NEW YORK (CNS) — “Dylan Dog: Dead of Night” (Freestyle) may prove that your mother was right when she used to warn you, “Those comic books will rot your brain!” Scenes of mayhem and some language issues, moreover, mark this maladroit screen adaptation of an Italian series of comics as off-limits to its youthful target audience.
The movie‘s potentially diverting premise holds that the undead – vampires, zombies and the occasional werewolf — co-exist peacefully with the living, and perform useful jobs such as morgue attendant, until something goes wrong that plunges them into murderous behavior.
But director Kevin Munroe and screenwriters Thomas Dean Donnelly and Joshua Oppenheimer drive it all into the ground, hobbled by a low budget that only allows for vampire teeth, some glowing eyes, a few wigs and what appears to be a single werewolf outfit.
Supernatural? It ain’t so super, and it’s not all that natural, either.

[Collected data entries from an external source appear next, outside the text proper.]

definition smooth_param_fun ::
  "('a set \<times> ('a \<Rightarrow> 'e::euclidean_space)) set \<Rightarrow> ('n::euclidean_space \<Rightarrow> 'a \<Rightarrow> real) \<Rightarrow> bool" where
  "smooth_param_fun A f \<longleftrightarrow>
     (\<forall>(U,\<phi>)\<in>A. smooth_on (UNIV \<times> \<phi> ` U) (\<lambda>(p,y). f p (inv_into U \<phi> y)))"

definition critical_point ::
  "('a set \<times> ('a \<Rightarrow> 'e::euclidean_space)) set \<Rightarrow> ('a \<Rightarrow> real) \<Rightarrow> 'a \<Rightarrow> bool" where
  "critical_point A F x0 \<longleftrightarrow>
     (\<forall>(U,\<phi>)\<in>A. x0 \<in> U \<longrightarrow> ((F \<circ> inv_into U \<phi>) has_derivative (\<lambda>_. 0)) (at (\<phi> x0)))"

definition hessian :: "('e::euclidean_space \<Rightarrow> real) \<Rightarrow> 'e \<Rightarrow> 'e \<Rightarrow> 'e \<Rightarrow> real" where
  "hessian h y i j = frechet_derivative (\<lambda>z. frechet_derivative h (at z) j) (at y) i"

definition pos_def_hessian :: "('e::euclidean_space \<Rightarrow> real) \<Rightarrow> 'e \<Rightarrow> bool" where
  "pos_def_hessian h y \<longleftrightarrow>
     (\<forall>v::'e. v \<noteq> 0 \<longrightarrow> (\<Sum>i\<in>Basis. \<Sum>j\<in>Basis. (v \<bullet> i) * (v \<bullet> j) * hessian h y i j) > 0)"

definition pos_def_hessian_at ::
  "('a set \<times> ('a \<Rightarrow> 'e::euclidean_space)) set \<Rightarrow> ('a \<Rightarrow> real) \<Rightarrow> 'a \<Rightarrow> bool" where
  "pos_def_hessian_at A F x0 \<longleftrightarrow>
     (\<forall>(U,\<phi>)\<in>A. x0 \<in> U \<longrightarrow> pos_def_hessian (F \<circ> inv_into U \<phi>) (\<phi> x0))"

end

theory Submission
  imports Defs
begin

text \<open>In a chart around x0, the Hessian of f p in the manifold variable depends continuously on
  p and the point, so it stays positive definite near (0, x0). Since x0 stays critical for small p,
  f p restricted to any segment through x0 is convex near x0, which makes x0 a minimum of f p on a
  fixed neighbourhood N of x0, uniformly in small p. On the compact set C - N, the strict
  inequality f 0 x0 < f 0 x persists for small p by joint continuity and the tube lemma.\<close>

definition quadratic_form :: "('e::euclidean_space \<Rightarrow> 'e \<Rightarrow> real) \<Rightarrow> 'e \<Rightarrow> real" where
  "quadratic_form H v = (\<Sum>i\<in>Basis. \<Sum>j\<in>Basis. (v \<bullet> i) * (v \<bullet> j) * H i j)"

lemma pos_def_hessian_iff_quadratic_form:
  "pos_def_hessian h y \<longleftrightarrow> (\<forall>v. v \<noteq> 0 \<longrightarrow> 0 < quadratic_form (hessian h y) v)"
  by (simp add: pos_def_hessian_def quadratic_form_def)

lemma quadratic_form_zero [simp]: "quadratic_form H 0 = 0"
  by (simp add: quadratic_form_def)

lemma quadratic_form_cong:
  "(\<And>i j. i \<in> Basis \<Longrightarrow> j \<in> Basis \<Longrightarrow> H i j = K i j) \<Longrightarrow> quadratic_form H v = quadratic_form K v"
  by (simp add: quadratic_form_def)

lemma quadratic_form_scaleR: "quadratic_form H (a *\<^sub>R v) = a\<^sup>2 * quadratic_form H v"
  by (simp add: quadratic_form_def sum_distrib_left power2_eq_square mult_ac)

lemma quadratic_form_diff:
  "quadratic_form H v - quadratic_form K v = quadratic_form (\<lambda>i j. H i j - K i j) v"
  by (simp add: quadratic_form_def sum_subtractf right_diff_distrib)

lemma abs_quadratic_form_le:
  "\<bar>quadratic_form H v\<bar> \<le> (\<Sum>i\<in>Basis. \<Sum>j\<in>Basis. \<bar>H i j\<bar>) * (norm v)\<^sup>2"
proof -
  have "\<bar>quadratic_form H v\<bar> \<le> (\<Sum>i\<in>Basis. \<Sum>j\<in>Basis. \<bar>(v \<bullet> i) * (v \<bullet> j) * H i j\<bar>)"
    unfolding quadratic_form_def by (rule order_trans[OF sum_abs sum_mono]) (rule sum_abs)
  also have "\<dots> \<le> (\<Sum>i\<in>Basis. \<Sum>j\<in>Basis. (norm v)\<^sup>2 * \<bar>H i j\<bar>)"
  proof (intro sum_mono)
    fix i j :: 'a assume "i \<in> Basis" "j \<in> Basis"
    then have "\<bar>v \<bullet> i\<bar> * \<bar>v \<bullet> j\<bar> \<le> norm v * norm v"
      by (intro mult_mono) (auto simp: Basis_le_norm)
    then show "\<bar>(v \<bullet> i) * (v \<bullet> j) * H i j\<bar> \<le> (norm v)\<^sup>2 * \<bar>H i j\<bar>"
      by (simp add: abs_mult power2_eq_square mult_right_mono)
  qed
  also have "\<dots> = (\<Sum>i\<in>Basis. \<Sum>j\<in>Basis. \<bar>H i j\<bar>) * (norm v)\<^sup>2"
    by (simp add: sum_distrib_left mult.commute)
  finally show ?thesis .
qed

lemma pos_def_quadratic_form_coercive:
  assumes pos: "\<forall>v. v \<noteq> 0 \<longrightarrow> 0 < quadratic_form H v"
  obtains c where "c > 0" "\<And>v. c * (norm v)\<^sup>2 \<le> quadratic_form H v"
proof -
  have "continuous_on (sphere 0 1) (quadratic_form H)"
    unfolding quadratic_form_def by (intro continuous_intros)
  then obtain u where u: "u \<in> sphere 0 1"
    and min: "\<And>w. w \<in> sphere 0 1 \<Longrightarrow> quadratic_form H u \<le> quadratic_form H w"
    using continuous_attains_inf[OF compact_sphere, of 0 1] by fastforce
  have "quadratic_form H u > 0"
    using pos u by (metis mem_sphere_0 norm_zero zero_neq_one)
  moreover have "quadratic_form H u * (norm v)\<^sup>2 \<le> quadratic_form H v" for v
  proof (cases "v = 0")
    case True
    then show ?thesis by (simp add: quadratic_form_def)
  next
    case False
    then have "quadratic_form H u \<le> quadratic_form H (inverse (norm v) *\<^sub>R v)"
      by (intro min) simp
    also have "\<dots> = quadratic_form H v / (norm v)\<^sup>2"
      by (simp add: quadratic_form_scaleR power_inverse divide_inverse mult.commute)
    finally show ?thesis
      using False by (simp add: le_divide_eq)
  qed
  ultimately show ?thesis using that by blast
qed
(* For any non-null loop $l$ in $\mathbb{Z}^d$, $\mathrm{area}(l)$ is at most the minimum number of deformation steps in a vanishing trajectory starting from $l$; that is, every vanishing trajectory starting at $l$ contains at least $\mathrm{area}(l)$ deformation steps.
   Context: Lattice, paths and loops. $E$ is the set of directed nearest-neighbour edges of $\mathbb{Z}^d$ ($d\ge2$); $e$ goes from $u(e)$ to $v(e)$, $e^{-1}$ is the reversed edge; $e$ is positively oriented if $v(e)$ is lexicographically larger than $u(e)$, and $E^+$ is the set of such edges. Paths, closed paths (the null path included), cycles (classes of closed paths under cyclic rotation); each cycle has a first edge fixed by an arbitrary rule and "location $k$" is its $k$-th edge. A closed path $e_1\cdots e_n$ has a backtrack at $i\le n-1$ if $e_{i+1}=e_i^{-1}$ and at $n$ if $e_1=e_n^{-1}$; successively erasing backtracks (removing both edges) until none remain gives a well-defined cycle $[\cdot]$. A loop is a cycle without backtracks (including the null loop). A plaquette is a nonbacktracking closed path of length 4; $\mathcal{P}^+$ is the set of plaquettes $e_1e_2e_3e_4$ with $u(e_1)$ lexicographically smallest and $v(e_1)$ second smallest among its vertices. Loop sequences: finite sequences of loops modulo inserting/deleting null loops, with minimal representations without null loops. Operations and trajectories. For non-null loops $l,l'$ and locations $x,y$: same edge $e$: $l=aeb$, $l'=ced$, $l\oplus_{x,y}l'=[aedceb]$, $l\ominus_{x,y}l'=[ac^{-1}d^{-1}b]$; $e$ vs $e^{-1}$: $l=aeb$, $l'=ce^{-1}d$, $l\oplus_{x,y}l'=[aec^{-1}d^{-1}eb]$, $l\ominus_{x,y}l'=[adcb]$. Deformations of $l$: $l\oplus_{x,y}p$, $l\ominus_{x,y}p$ for plaquettes $p$ containing the edge at location $x$ of $l$ or its inverse. Splittings at distinct locations $x,y$: $l=aebec$ (displayed $e$'s at $x,y$ respectively) gives $([aec],[be])$; $l=aebe^{-1}c$ gives $([ac],[b])$. A deformation (splitting) of a loop sequence replaces one component by a deformation (by the two loops of a splitting) of it. A trajectory is a sequence of loop sequences each obtained from the previous by a deformation or a splitting; a vanishing trajectory is finite and ends at the null loop sequence. Area. $1$-chains are elements of the free $\mathbb{Z}$-module over $E^+$, lattice surfaces elements of the free $\mathbb{Z}$-module over $\mathcal{P}^+$. Each $p\in\mathcal{P}^+$ is uniquely $e_1e_2e_3^{-1}e_4^{-1}$ with $e_i\in E^+$, and $\delta(p)=e_1+e_2-e_3-e_4$ extended linearly. For $e\in E$, $r(e)=e$ if $e\in E^+$ and $r(e)=-e^{-1}$ otherwise; $r(l)=\sum_i r(e_i)$ for $l=e_1\cdots e_n$. $\mathrm{area}(\sum n_pp)=\sum|n_p|$ and $\mathrm{area}(l)$ is the minimal area of a lattice surface $x$ with $\delta(x)=r(l)$. *)

theory Defs
  imports Main
begin

type_synonym vert = "int list"
type_synonym edge = "vert \<times> vert"

definition lattice_edge :: "nat \<Rightarrow> edge \<Rightarrow> bool" where
  "lattice_edge d e \<longleftrightarrow> length (fst e) = d \<and>
     (\<exists>i<d. snd e = (fst e)[i := fst e ! i + 1] \<or> snd e = (fst e)[i := fst e ! i - 1])"

definition einv :: "edge \<Rightarrow> edge" where
  "einv e = (snd e, fst e)"

definition lex_less :: "vert \<Rightarrow> vert \<Rightarrow> bool" where
  "lex_less u v \<longleftrightarrow> (u, v) \<in> lexord {(a, b). a < (b::int)}"

definition positive_edge :: "nat \<Rightarrow> edge \<Rightarrow> bool" where
  "positive_edge d e \<longleftrightarrow> lattice_edge d e \<and> lex_less (fst e) (snd e)"

definition is_path :: "nat \<Rightarrow> edge list \<Rightarrow> bool" where
  "is_path d w \<longleftrightarrow> (\<forall>e\<in>set w. lattice_edge d e) \<and>
     (\<forall>i. Suc i < length w \<longrightarrow> snd (w ! i) = fst (w ! Suc i))"

definition closed_path :: "nat \<Rightarrow> edge list \<Rightarrow> bool" where
  "closed_path d w \<longleftrightarrow> is_path d w \<and> (w \<noteq> [] \<longrightarrow> snd (last w) = fst (hd w))"

definition pinv :: "edge list \<Rightarrow> edge list" where
  "pinv c = rev (map einv c)"

text \<open>Cycles: closed paths modulo cyclic rotation.\<close>
definition rot_eq :: "'a list \<Rightarrow> 'a list \<Rightarrow> bool" where
  "rot_eq a b \<longleftrightarrow> (\<exists>n. b = rotate n a)"

text \<open>Erasing one backtrack of a closed path, at a position i < n or at position n.\<close>
inductive erase1 :: "edge list \<Rightarrow> edge list \<Rightarrow> bool" where
  inner: "erase1 (xs @ [e, einv e] @ ys) (xs @ ys)"
| wrap: "erase1 ([e] @ ys @ [einv e]) ys"

definition no_backtrack :: "edge list \<Rightarrow> bool" where
  "no_backtrack w \<longleftrightarrow> \<not> (\<exists>w'. erase1 w w')"

text \<open>l is (a representative of) the cycle [w] obtained by successively erasing backtracks.\<close>
definition reduces :: "edge list \<Rightarrow> edge list \<Rightarrow> bool" where
  "reduces w l \<longleftrightarrow> (\<exists>l'. erase1\<^sup>*\<^sup>* w l' \<and> no_backtrack l' \<and> rot_eq l' l)"

definition is_loop :: "nat \<Rightarrow> edge list \<Rightarrow> bool" where
  "is_loop d l \<longleftrightarrow> closed_path d l \<and> no_backtrack l"

definition plaquette :: "nat \<Rightarrow> edge list \<Rightarrow> bool" where
  "plaquette d p \<longleftrightarrow> closed_path d p \<and> length p = 4 \<and> no_backtrack p"

definition deform :: "nat \<Rightarrow> edge list \<Rightarrow> edge list \<Rightarrow> bool" where
  "deform d l l' \<longleftrightarrow> is_loop d l \<and> l \<noteq> [] \<and>
    (\<exists>a e b c f p. l = a @ [e] @ b \<and> plaquette d p \<and>
      ((p = c @ [e] @ f \<and>
          (reduces (a @ [e] @ f @ c @ [e] @ b) l' \<or> reduces (a @ pinv c @ pinv f @ b) l')) \<or>
       (p = c @ [einv e] @ f \<and>
          (reduces (a @ [e] @ pinv c @ pinv f @ [e] @ b) l' \<or> reduces (a @ f @ c @ b) l'))))"

definition split_loop :: "nat \<Rightarrow> edge list \<Rightarrow> edge list \<Rightarrow> edge list \<Rightarrow> bool" where
  "split_loop d l l1 l2 \<longleftrightarrow> is_loop d l \<and> l \<noteq> [] \<and>
    (\<exists>a e b c.
       (l = a @ [e] @ b @ [e] @ c \<and> reduces (a @ [e] @ c) l1 \<and> reduces (b @ [e]) l2) \<or>
       (l = a @ [e] @ b @ [einv e] @ c \<and> reduces (a @ c) l1 \<and> reduces b l2))"

text \<open>Loop sequences modulo null loops and rotation of each component.\<close>
definition seq_eq :: "edge list list \<Rightarrow> edge list list \<Rightarrow> bool" where
  "seq_eq s t \<longleftrightarrow> list_all2 rot_eq (filter (\<lambda>x. x \<noteq> []) s) (filter (\<lambda>x. x \<noteq> []) t)"

definition traj_step :: "nat \<Rightarrow> bool \<Rightarrow> edge list list \<Rightarrow> edge list list \<Rightarrow> bool" where
  "traj_step d k s s' \<longleftrightarrow> (\<exists>A l B C. seq_eq s (A @ [l] @ B) \<and> seq_eq s' (A @ C @ B) \<and>
     (if k then (\<exists>l'. C = [l'] \<and> deform d l l')
           else (\<exists>l1 l2. C = [l1, l2] \<and> split_loop d l l1 l2)))"

definition vanishing_traj :: "nat \<Rightarrow> edge list list list \<Rightarrow> bool list \<Rightarrow> bool" where
  "vanishing_traj d s ks \<longleftrightarrow> s \<noteq> [] \<and> length ks = length s - 1 \<and>
     (\<forall>i<length ks. traj_step d (ks ! i) (s ! i) (s ! Suc i)) \<and> seq_eq (last s) []"

definition ind :: "edge \<Rightarrow> edge \<Rightarrow> int" where
  "ind e = (\<lambda>f. if f = e then 1 else 0)"

text \<open>r(e) as a 1-chain (function on edges, supported on positive edges).\<close>
definition r_edge :: "edge \<Rightarrow> edge \<Rightarrow> int" where
  "r_edge e = (if lex_less (fst e) (snd e) then ind e else (\<lambda>f. - ind (einv e) f))"

definition r_loop :: "edge list \<Rightarrow> edge \<Rightarrow> int" where
  "r_loop l = (\<lambda>f. sum_list (map (\<lambda>e. r_edge e f) l))"

definition plaq_pos :: "nat \<Rightarrow> edge list \<Rightarrow> bool" where
  "plaq_pos d p \<longleftrightarrow> plaquette d p \<and>
     (\<forall>w\<in>fst ` set p. w \<noteq> fst (p ! 0) \<longrightarrow> lex_less (fst (p ! 0)) w) \<and>
     (\<forall>w\<in>fst ` set p - {fst (p ! 0), snd (p ! 0)}. lex_less (snd (p ! 0)) w)"

text \<open>p = e1 e2 e3^{-1} e4^{-1}, delta(p) = e1 + e2 - e3 - e4.\<close>
definition delta_p :: "edge list \<Rightarrow> edge \<Rightarrow> int" where
  "delta_p p = (\<lambda>f. ind (p ! 0) f + ind (p ! 1) f - ind (einv (p ! 2)) f - ind (einv (p ! 3)) f)"

text \<open>Lattice surfaces: finitely supported integer functions on P^+.\<close>
definition surface :: "nat \<Rightarrow> (edge list \<Rightarrow> int) \<Rightarrow> bool" where
  "surface d x \<longleftrightarrow> finite {p. x p \<noteq> 0} \<and> (\<forall>p. x p \<noteq> 0 \<longrightarrow> plaq_pos d p)"

definition delta :: "(edge list \<Rightarrow> int) \<Rightarrow> edge \<Rightarrow> int" where
  "delta x = (\<lambda>f. \<Sum>p\<in>{p. x p \<noteq> 0}. x p * delta_p p f)"

definition surf_area :: "(edge list \<Rightarrow> int) \<Rightarrow> nat" where
  "surf_area x = (\<Sum>p\<in>{p. x p \<noteq> 0}. nat \<bar>x p\<bar>)"

definition loop_area :: "nat \<Rightarrow> edge list \<Rightarrow> nat" where
  "loop_area d l = (LEAST n. \<exists>x. surface d x \<and> delta x = r_loop l \<and> surf_area x = n)"

end

theory Submission
  imports Defs "HOL-Library.List_Lexorder"
begin

text \<open>The map \<open>r\<close> sends a loop sequence to the sum of the 1-chains of its loops. Erasing
  backtracks and rotating a path leave \<open>r\<close> unchanged, so a splitting preserves it while a
  deformation by a plaquette \<open>p\<close> changes it by \<open>\<plusminus>r(p)\<close>, and \<open>r(p)\<close> is \<open>\<plusminus>\<delta>\<close> of a single
  positive plaquette. Accumulating these plaquettes along a vanishing trajectory from \<open>l\<close> gives a
  lattice surface \<open>x\<close> with \<open>\<delta>(x) = r(l)\<close> and area at most the number of deformations.\<close>

lemma lex_less_iff_less: "lex_less u v \<longleftrightarrow> u < v"
  by (simp add: lex_less_def list_less_def)

lemma less_list_translate:
  fixes u v u' v' :: "int list"
  assumes len: "length v = length u" "length u' = length u" "length v' = length u"
    and same_diff: "\<And>j. j < length u \<Longrightarrow> v ! j - u ! j = v' ! j - u' ! j"
    and "u < v"
  shows "u' < v'"
proof -
  obtain i where i: "i < length u" "take i u = take i v" "u ! i < v ! i"
    using \<open>u < v\<close> len unfolding list_less_def lexord_take_index_conv by auto
  have "u' ! j = v' ! j" if "j < i" for j
    using i same_diff[of j] nth_take[OF that, of u] nth_take[OF that, of v] that by simp
  then have "take i u' = take i v'" using i(1) len by (intro nth_equalityI) auto
  moreover have "u' ! i < v' ! i" using same_diff[OF i(1)] i(3) by simp
  ultimately show ?thesis using i(1) len unfolding list_less_def lexord_take_index_conv by auto
qed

Brandon Routh as private eye Dylan Dog – who prowls through New Orleans to find out why the killing spree has begun with cases involving his client Elizabeth (Anita Briem) and his dead sidekick Marcus (Sam Huntington) – has little to do except for cocking his eyebrows and spouting leaden dialogue.
Typical of the macabre humor occasionally on display is the idea of a “parts shop” where the undead from all over the country can purchase all manner of body parts that have dropped off, or been torn off, during their nights of mayhem.
The film contains considerable action violence, a few drug references and fleeting crude and crass language. The Catholic News Service classification is A-III – adults. The Motion Picture Association of America rating is PG-13 — parents strongly cautioned. Some material may be inappropriate for children under 13.